王达庆1, 陶婷婷2, 张旭2, 李洪敬1   

  1. 1.大连医科大学附属第一医院,辽宁 大连 116011
    2.中国科学院大连化学物理研究所,辽宁 大连 116023
  • 收稿日期:2024-08-22 修回日期:2024-08-28 出版日期:2024-08-31 发布日期:2024-09-19
  • 通讯作者: 张旭,李洪敬
  • 作者简介:王达庆(1997—),男,骨科学博士研究生。研究方向为关节外科与运动医学。-mail:wangdaqing2020@gmail.com
    张旭(1986—),男,博士,副研究员。研究方向为基于器官芯片的心血管疾病研究。E-mail:zhangxu6@dicp.ac.cn
    李洪敬(1968—),男,医学博士,教授,主任医师,博士生导师。研究方向为关节外科及运动医学。E-mail:lhj68430@163.com
  • 基金资助:
    国家自然科学基金(82102229);大连市“登峰计划”科研项目(DF2023004)
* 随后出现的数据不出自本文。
lemma C2_lipschitz:
  assumes U: "compact U" "convex U" and f: "C2_on U f" and p: "p \<in> U" and q: "q \<in> U"
  shows "\<bar>f p - f q\<bar> \<le> C2_norm U f * dist p q"
proof -
  have df: "\<And>x. x \<in> U \<Longrightarrow> (f has_derivative (\<lambda>h. grad_on U f x \<bullet> h)) (at x within U)"
    using is_C2_data_grad_hess[OF f] unfolding is_C2_data_def by auto
  have "onorm (\<lambda>h. grad_on U f x \<bullet> h) \<le> C2_norm U f" if "x \<in> U" for x
  proof -
    have "onorm (\<lambda>h. grad_on U f x \<bullet> h) \<le> norm (grad_on U f x)"
      by (rule onorm_bound) (simp, metis Cauchy_Schwarz_ineq2 real_norm_def)
    then show ?thesis using norm_grad_le_C2_norm[OF U(1) f that] by linarith
  qed
  from differentiable_bound[OF U(2) df this p q] show ?thesis by (simp add: dist_norm)
qed

lemma cov_num_le_card:
  assumes "C \<subseteq> X" "finite C" "\<forall>a\<in>A. \<exists>c\<in>C. d c a \<le> \<delta>"
  shows "cov_num X d A \<delta> \<le> card C"
  unfolding cov_num_def by (rule Least_le) (use assms in blast)

lemma cov_num_dist_le_card:
  fixes A :: "'a::metric_space set"
  assumes "finite A" "0 \<le> \<delta>"
  shows "cov_num UNIV dist A \<delta> \<le> card A"
  by (rule cov_num_le_card) (use assms in force)+

lemma obtain_minimal_dist_cover:
  fixes A :: "'a::metric_space set"
  assumes "finite A" "0 \<le> \<delta>"
  obtains C where "finite C" "card C = cov_num UNIV dist A \<delta>" "\<forall>a\<in>A. \<exists>c\<in>C. dist c a \<le> \<delta>"
proof -
  have "\<exists>N C. C \<subseteq> UNIV \<and> finite C \<and> card C = N \<and> (\<forall>a\<in>A. \<exists>c\<in>C. dist c a \<le> \<delta>)"
    using assms by (intro exI[of _ "card A"] exI[of _ A]) force
  from LeastI_ex[OF this] show ?thesis using that unfolding cov_num_def by blast
qed

lemma cov_num_contraction_image_le:
  fixes \<phi> :: "'a::metric_space \<Rightarrow> 'b::metric_space"
  assumes "finite B" "0 \<le> \<delta>" "\<And>x y. dist (\<phi> x) (\<phi> y) \<le> dist x y" "A \<subseteq> \<phi> ` B"
  shows "cov_num UNIV dist A \<delta> \<le> cov_num UNIV dist B \<delta>"
proof -
  obtain C where C: "finite C" "card C = cov_num UNIV dist B \<delta>" "\<forall>b\<in>B. \<exists>c\<in>C. dist c b \<le> \<delta>"
    using obtain_minimal_dist_cover[OF assms(1,2)] .
  have "\<forall>a\<in>A. \<exists>c\<in>\<phi> ` C. dist c a \<le> \<delta>"
  proof
    fix a assume "a \<in> A"
    then obtain b where b: "b \<in> B" "a = \<phi> b" using assms(4) by blast
    then obtain c where "c \<in> C" "dist c b \<le> \<delta>" using C(3) by blast
    then show "\<exists>c\<in>\<phi> ` C. dist c a \<le> \<delta>" using b assms(3)[of c b] by force
  qed
  then have "cov_num UNIV dist A \<delta> \<le> card (\<phi> ` C)" by (intro cov_num_le_card) (use C in auto)
  also have "\<dots> \<le> card C" by (rule card_image_le[OF C(1)])
  finally show ?thesis using C(2) by simp
qed

lemma separated_subset: "separated d \<delta> A \<Longrightarrow> B \<subseteq> A \<Longrightarrow> separated d \<delta> B"
  unfolding separated_def by blast

definition lattice_cube_card :: "nat \<Rightarrow> real \<Rightarrow> nat" where
  "lattice_cube_card m x = nat (2 * \<lceil>real m * x\<rceil> + 1) ^ m"

lemma lattice_cube_card_pos:
  assumes "0 \<le> x" shows "0 < lattice_cube_card m x"
proof -
  have "0 \<le> real m * x" using assms by simp
  then show ?thesis unfolding lattice_cube_card_def by simp
qed

lemma card_separated_in_cball_le:
  fixes Q :: "(real^'m) set"
  assumes Q: "Q \<subseteq> cball c R" and sep: "separated dist \<rho> Q" and \<rho>: "0 < \<rho>"
  shows "card Q \<le> lattice_cube_card CARD('m) (R / \<rho>)"
proof -
  define h where "h = \<rho> / CARD('m)"
  define L where "L = \<lceil>real CARD('m) * (R / \<rho>)\<rceil>"
  \<comment> \<open>A cell of the grid of mesh h = \<rho>/m has l1-diameter below \<rho>, so it holds at most one point of Q.\<close>
  define \<phi> where "\<phi> q = (\<lambda>i. \<lfloor>(q $ i - c $ i) / h\<rfloor>)" for q :: "real^'m"
  have h: "0 < h" using \<rho> by (simp add: h_def)
  have inj: "inj_on \<phi> Q"
  proof (rule inj_onI)
    fix q q' assume q: "q \<in> Q" and q': "q' \<in> Q" and eq: "\<phi> q = \<phi> q'"
    have "\<bar>q $ i - q' $ i\<bar> < h" for i
    proof -
      have "\<bar>(q $ i - c $ i) / h - (q' $ i - c $ i) / h\<bar> < 1"
        using fun_cong[OF eq, of i] unfolding \<phi>_def by linarith
      then show ?thesis using h by (simp add: diff_divide_distrib[symmetric] abs_divide)
    qed
    then have "(\<Sum>i\<in>UNIV. \<bar>(q - q') $ i\<bar>) < (\<Sum>i\<in>(UNIV::'m set). h)"
      by (intro sum_strict_mono) auto
    with norm_le_l1_cart[of "q - q'"] have "dist q q' < \<rho>"
      using \<rho> by (simp add: h_def dist_norm)
    with sep q q' show "q = q'" unfolding separated_def by force
  qed
  have img: "\<phi> ` Q \<subseteq> (\<Pi>\<^sub>E i\<in>UNIV. {-L..L})"
  proof (rule image_subsetI)
    fix q assume q: "q \<in> Q"
    have "\<phi> q i \<in> {-L..L}" for i
    proof -
      have "\<bar>q $ i - c $ i\<bar> \<le> R"
        using q Q component_le_norm_cart[of "q - c" i] by (auto simp: dist_norm norm_minus_commute)
      then have "\<bar>(q $ i - c $ i) / h\<bar> \<le> R / h"
        using h by (simp add: abs_divide divide_right_mono)
      also have "\<dots> = real CARD('m) * (R / \<rho>)" by (simp add: h_def)
      also have "\<dots> \<le> L" unfolding L_def by (rule le_of_int_ceiling)
      finally have "- L \<le> (q $ i - c $ i) / h" "(q $ i - c $ i) / h \<le> L" by linarith+
      then show ?thesis unfolding \<phi>_def by (simp add: le_floor_iff floor_le_iff)
    qed
    then show "\<phi> q \<in> (\<Pi>\<^sub>E i\<in>UNIV. {-L..L})" by (simp add: PiE_UNIV_domain)
  qed
  have "card Q = card (\<phi> ` Q)" by (rule card_image[OF inj, symmetric])
  also have "\<dots> \<le> card (\<Pi>\<^sub>E i\<in>(UNIV::'m set). {-L..L})"
    by (rule card_mono[OF _ img]) (simp add: finite_PiE)
  also have "\<dots> = lattice_cube_card CARD('m) (R / \<rho>)"
    by (simp add: card_PiE lattice_cube_card_def L_def)
  finally show ?thesis .
qed

lemma card_separated_le_cov_num:
  fixes Q :: "(real^'m) set"
  assumes fin: "finite Q" and sep: "separated dist \<rho> Q" and \<rho>: "0 < \<rho>" and \<delta>: "0 \<le> \<delta>"
  shows "card Q \<le> cov_num UNIV dist Q \<delta> * lattice_cube_card CARD('m) (\<delta> / \<rho>)"
proof -
  obtain C where C: "finite C" "card C = cov_num UNIV dist Q \<delta>" "\<forall>q\<in>Q. \<exists>c\<in>C. dist c q \<le> \<delta>"
    using obtain_minimal_dist_cover[OF fin \<delta>] .
  have "Q = (\<Union>c\<in>C. Q \<inter> cball c \<delta>)" using C(3) by auto
  then have "card Q \<le> (\<Sum>c\<in>C. card (Q \<inter> cball c \<delta>))"
    by (metis card_UN_le[OF C(1)])
  also have "\<dots> \<le> (\<Sum>c\<in>C. lattice_cube_card CARD('m) (\<delta> / \<rho>))"
    by (intro sum_mono card_separated_in_cball_le separated_subset[OF sep] \<rho>) auto
  finally show ?thesis using C(2) by simp
qed

lemma dist_graph_le:
  assumes lip: "\<And>p q. p \<in> U \<Longrightarrow> q \<in> U \<Longrightarrow> \<bar>g p - g q\<bar> \<le> K * dist p q"
    and p: "p \<in> U" and q: "q \<in> U"
  shows "dist (p, g p) (q, g q) \<le> (1 + K) * dist p q"
proof -
  have "dist (p, g p) (q, g q) \<le> dist p q + dist (g p) (g q)"
    by (simp add: dist_Pair_Pair sqrt_sum_squares_le_sum)
  also have "\<dots> \<le> (1 + K) * dist p q"
    using lip[OF p q] by (simp add: dist_real_def algebra_simps)
  finally show ?thesis .
qed

lemma inj_on_fst_graph: "inj_on fst (graph_on U g)"
  unfolding graph_on_def inj_on_def by auto

lemma separated_fst_graph:
  assumes lip: "\<And>p q. p \<in> U \<Longrightarrow> q \<in> U \<Longrightarrow> \<bar>g p - g q\<bar> \<le> K * dist p q" and K: "0 \<le> K"
    and EG: "E \<subseteq> graph_on U g" and sep: "separated dist \<delta> E"
  shows "separated dist (\<delta> / (1 + K)) (fst ` E)"
  unfolding separated_def
proof clarify
  fix e e' assume e: "e \<in> E" and e': "e' \<in> E" and ne: "fst e \<noteq> fst e'"
  obtain p p' where p: "p \<in> U" "e = (p, g p)" and p': "p' \<in> U" "e' = (p', g p')"
    using EG e e' unfolding graph_on_def by blast
  have "e \<noteq> e'" using ne by auto
  then have "\<delta> \<le> dist e e'" using sep e e' unfolding separated_def by blast
  also have "\<dots> \<le> (1 + K) * dist p p'" using dist_graph_le[OF lip p(1) p'(1)] p p' by simp
  finally show "\<delta> / (1 + K) \<le> dist (fst e) (fst e')"
    using K p p' by (simp add: divide_le_eq mult.commute)
qed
Advances in skeletal muscle-on-a-chip for biomedical research

Daqing WANG1, Tingting TAO2, Xu ZHANG2, Hongjing LI1   

  1. 1.The First Affiliated Hospital of Dalian Medical University,Dalian 116011,Liaoning,China
    2.Dalian Institute of Chemical Physics,Chinese Academy of Sciences,Dalian 116023,Liaoning,China
  • Received:2024-08-22 Revised:2024-08-28 Online:2024-08-31 Published:2024-09-19
  • Contact: Xu ZHANG, Hongjing LI

摘要:

骨骼肌作为人体最丰富的组织之一,是人体运动功能的主要承担者,并且在能量代谢、免疫调节和衰老过程中发挥重要作用。骨骼肌所处的微环境结构复杂,包括多种细胞类型、独特的三维结构以及力学特征。因此,建立高仿生的骨骼肌模型具有一定的挑战性。器官芯片可以精确地模拟人体组织的关键结构和功能特性,从而为骨骼肌模型的建立提供了一种新的途径。本文综述了目前骨骼肌芯片的构建及其在疾病建模、药物评价与再生医学等生物医学研究中的应用。依据人体骨骼肌组织微环境的特点,重点介绍了构建骨骼肌芯片的关键要素,包括动态培养环境、机械刺激、电刺激、血管化与神经化,以及其他工程策略包括各向异性支架的制备与两端锚定的策略等。目前的骨骼肌芯片在细胞来源及功能等方面仍存在一定的局限性。未来通过与基因编辑、生物传感等技术相结合,骨骼肌芯片有望在生物医学研究领域发挥更重要的作用。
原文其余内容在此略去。